-- ENTRIES SHOWN follows --

(* Let $\Phi:\mathbb{R}^2\to\mathbb{R}^2$, $\Phi(u,v)=(\varphi(u,v),\psi(u,v))$, where $\varphi$ and $\psi$ are harmonic functions on $\mathbb{R}^2$. Then $\inf_{\mathbb{R}^2}|J_\Phi|=0$, where $J_\Phi=\varphi_u\psi_v-\varphi_v\psi_u$, unless $\Phi$ is an affine map. *)

theory Defs
  imports "HOL-Analysis.Analysis"
begin

definition pu :: "(real \<times> real \<Rightarrow> real) \<Rightarrow> real \<times> real \<Rightarrow> real" where
  "pu f p = deriv (\<lambda>s. f (s, snd p)) (fst p)"

definition pv :: "(real \<times> real \<Rightarrow> real) \<Rightarrow> real \<times> real \<Rightarrow> real" where
  "pv f p = deriv (\<lambda>t. f (fst p, t)) (snd p)"

definition C2_plane :: "(real \<times> real \<Rightarrow> real) \<Rightarrow> bool" where
  "C2_plane f \<longleftrightarrow>
     (\<forall>p. f differentiable (at p)) \<and>
     (\<forall>p. pu f differentiable (at p)) \<and>
     (\<forall>p. pv f differentiable (at p)) \<and>
     continuous_on UNIV (pu (pu f)) \<and> continuous_on UNIV (pv (pu f)) \<and>
     continuous_on UNIV (pu (pv f)) \<and> continuous_on UNIV (pv (pv f))"

definition harmonic_plane :: "(real \<times> real \<Rightarrow> real) \<Rightarrow> bool" where
  "harmonic_plane f \<longleftrightarrow> C2_plane f \<and> (\<forall>p. pu (pu f) p + pv (pv f) p = 0)"

definition jac :: "(real \<times> real \<Rightarrow> real) \<Rightarrow> (real \<times> real \<Rightarrow> real) \<Rightarrow> real \<times> real \<Rightarrow> real" where
  "jac \<phi> \<psi> p = pu \<phi> p * pv \<psi> p - pv \<phi> p * pu \<psi> p"

definition affine_map_plane :: "(real \<times> real \<Rightarrow> real) \<Rightarrow> (real \<times> real \<Rightarrow> real) \<Rightarrow> bool" where
  "affine_map_plane \<phi> \<psi> \<longleftrightarrow>
     (\<exists>a b c d e g. \<forall>u v. \<phi> (u, v) = a * u + b * v + c \<and> \<psi> (u, v) = d * u + e * v + g)"

end

theory Submission imports Defs "HOL-Complex_Analysis.Complex_Analysis" begin

text \<open>If \<open>\<phi>\<close> and \<open>\<psi>\<close> are harmonic, the functions \<open>\<phi>\<^sub>u - i\<phi>\<^sub>v\<close> and \<open>\<psi>\<^sub>u - i\<psi>\<^sub>v\<close> are entire, and so are
  \<open>H = \<phi>\<^sub>u - i\<phi>\<^sub>v + i(\<psi>\<^sub>u - i\<psi>\<^sub>v)\<close> and \<open>K = \<phi>\<^sub>u - i\<phi>\<^sub>v - i(\<psi>\<^sub>u - i\<psi>\<^sub>v)\<close>, which satisfy
  \<open>4 J\<^sub>\<Phi> = |H|\<^sup>2 - |K|\<^sup>2\<close>. If \<open>|J\<^sub>\<Phi>| \<ge> m > 0\<close>, then by continuity \<open>J\<^sub>\<Phi>\<close> has a constant sign, say
  \<open>|H|\<^sup>2 \<ge> |K|\<^sup>2 + 4m\<close>. Then \<open>1/H\<close> is bounded, so \<open>H\<close> is constant by Liouville, hence \<open>K\<close> is
  bounded and constant as well. So both gradients are constant and \<open>\<Phi>\<close> is affine.\<close>

lemma has_derivative_imp_partials:
  assumes "(f has_derivative D) (at (x,y))"
  shows "((\<lambda>s. f (s,y)) has_real_derivative D (1,0)) (at x)"
    and "((\<lambda>t. f (x,t)) has_real_derivative D (0,1)) (at y)"
proof -
  have lin: "linear D" using assms has_derivative_linear by blast
  have "((\<lambda>s. (s,y)) has_derivative (\<lambda>h. (h,0))) (at x)"
    by (auto intro!: derivative_eq_intros)
  from has_derivative_compose[OF this assms]
  have "((\<lambda>s. f (s,y)) has_derivative (\<lambda>h. D (h,0))) (at x)" by simp
  moreover have "(\<lambda>h. D (h,0)) = (*) (D (1,0))"
  proof
    fix h show "D (h,0) = D (1,0) * h"
      using linear_scale[OF lin, of h "(1,0)"] by (simp add: mult.commute)
  qed
  ultimately show "((\<lambda>s. f (s,y)) has_real_derivative D (1,0)) (at x)"
    unfolding has_field_derivative_def by simp
  have "((\<lambda>t. (x,t)) has_derivative (\<lambda>h. (0,h))) (at y)"
    by (auto intro!: derivative_eq_intros)
  from has_derivative_compose[OF this assms]
  have "((\<lambda>t. f (x,t)) has_derivative (\<lambda>h. D (0,h))) (at y)" by simp
  moreover have "(\<lambda>h. D (0,h)) = (*) (D (0,1))"
  proof
    fix h show "D (0,h) = D (0,1) * h"
      using linear_scale[OF lin, of h "(0,1)"] by (simp add: mult.commute)
  qed
  ultimately show "((\<lambda>t. f (x,t)) has_real_derivative D (0,1)) (at y)"
    unfolding has_field_derivative_def by simp
qed

lemma
  assumes "f differentiable (at p)"
  shows has_real_derivative_pu: "((\<lambda>s. f (s, snd p)) has_real_derivative pu f p) (at (fst p))"
    and has_real_derivative_pv: "((\<lambda>t. f (fst p, t)) has_real_derivative pv f p) (at (snd p))"
    and has_derivative_pu_pv: "(f has_derivative (\<lambda>h. pu f p * fst h + pv f p * snd h)) (at p)"
proof -
  obtain D where D: "(f has_derivative D) (at p)" using assms differentiable_def by blast
  obtain x y where p: "p = (x,y)" by (cases p)
  note partials = has_derivative_imp_partials[OF D[unfolded p]]
  have pu: "pu f p = D (1,0)" unfolding pu_def p using DERIV_imp_deriv[OF partials(1)] by simp
  have pv: "pv f p = D (0,1)" unfolding pv_def p using DERIV_imp_deriv[OF partials(2)] by simp
  show "((\<lambda>s. f (s, snd p)) has_real_derivative pu f p) (at (fst p))"
    and "((\<lambda>t. f (fst p, t)) has_real_derivative pv f p) (at (snd p))"
    using partials pu pv p by simp_all
  have lin: "linear D" using D has_derivative_linear by blast
  have "D h = pu f p * fst h + pv f p * snd h" for h
  proof -
    have "D h = D (fst h *\<^sub>R (1,0) + snd h *\<^sub>R (0,1))" by (cases h) simp
    also have "\<dots> = fst h *\<^sub>R D (1,0) + snd h *\<^sub>R D (0,1)"
      by (simp only: linear_add[OF lin] linear_scale[OF lin])
    finally show ?thesis using pu pv by (simp add: mult.commute)
  qed
  then have "D = (\<lambda>h. pu f p * fst h + pv f p * snd h)" by (rule ext)
  then show "(f has_derivative (\<lambda>h. pu f p * fst h + pv f p * snd h)) (at p)"
    using D by simp
qed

-- ENTRIES SHOWN concluded --

(WORK INSTRUCTION)
Starting at the first line of the records, print each line exactly, stopping after the line that contains "(\<forall>p. f differentiable".

(REPLY TO THE EXERCISE)
(* Let $\Phi:\mathbb{R}^2\to\mathbb{R}^2$, $\Phi(u,v)=(\varphi(u,v),\psi(u,v))$, where $\varphi$ and $\psi$ are harmonic functions on $\mathbb{R}^2$. Then $\inf_{\mathbb{R}^2}|J_\Phi|=0$, where $J_\Phi=\varphi_u\psi_v-\varphi_v\psi_u$, unless $\Phi$ is an affine map. *)

theory Defs
  imports "HOL-Analysis.Analysis"
begin

definition pu :: "(real \<times> real \<Rightarrow> real) \<Rightarrow> real \<times> real \<Rightarrow> real" where
  "pu f p = deriv (\<lambda>s. f (s, snd p)) (fst p)"

definition pv :: "(real \<times> real \<Rightarrow> real) \<Rightarrow> real \<times> real \<Rightarrow> real" where
  "pv f p = deriv (\<lambda>t. f (fst p, t)) (snd p)"

definition C2_plane :: "(real \<times> real \<Rightarrow> real) \<Rightarrow> bool" where
  "C2_plane f \<longleftrightarrow>
     (\<forall>p. f differentiable (at p)) \<and>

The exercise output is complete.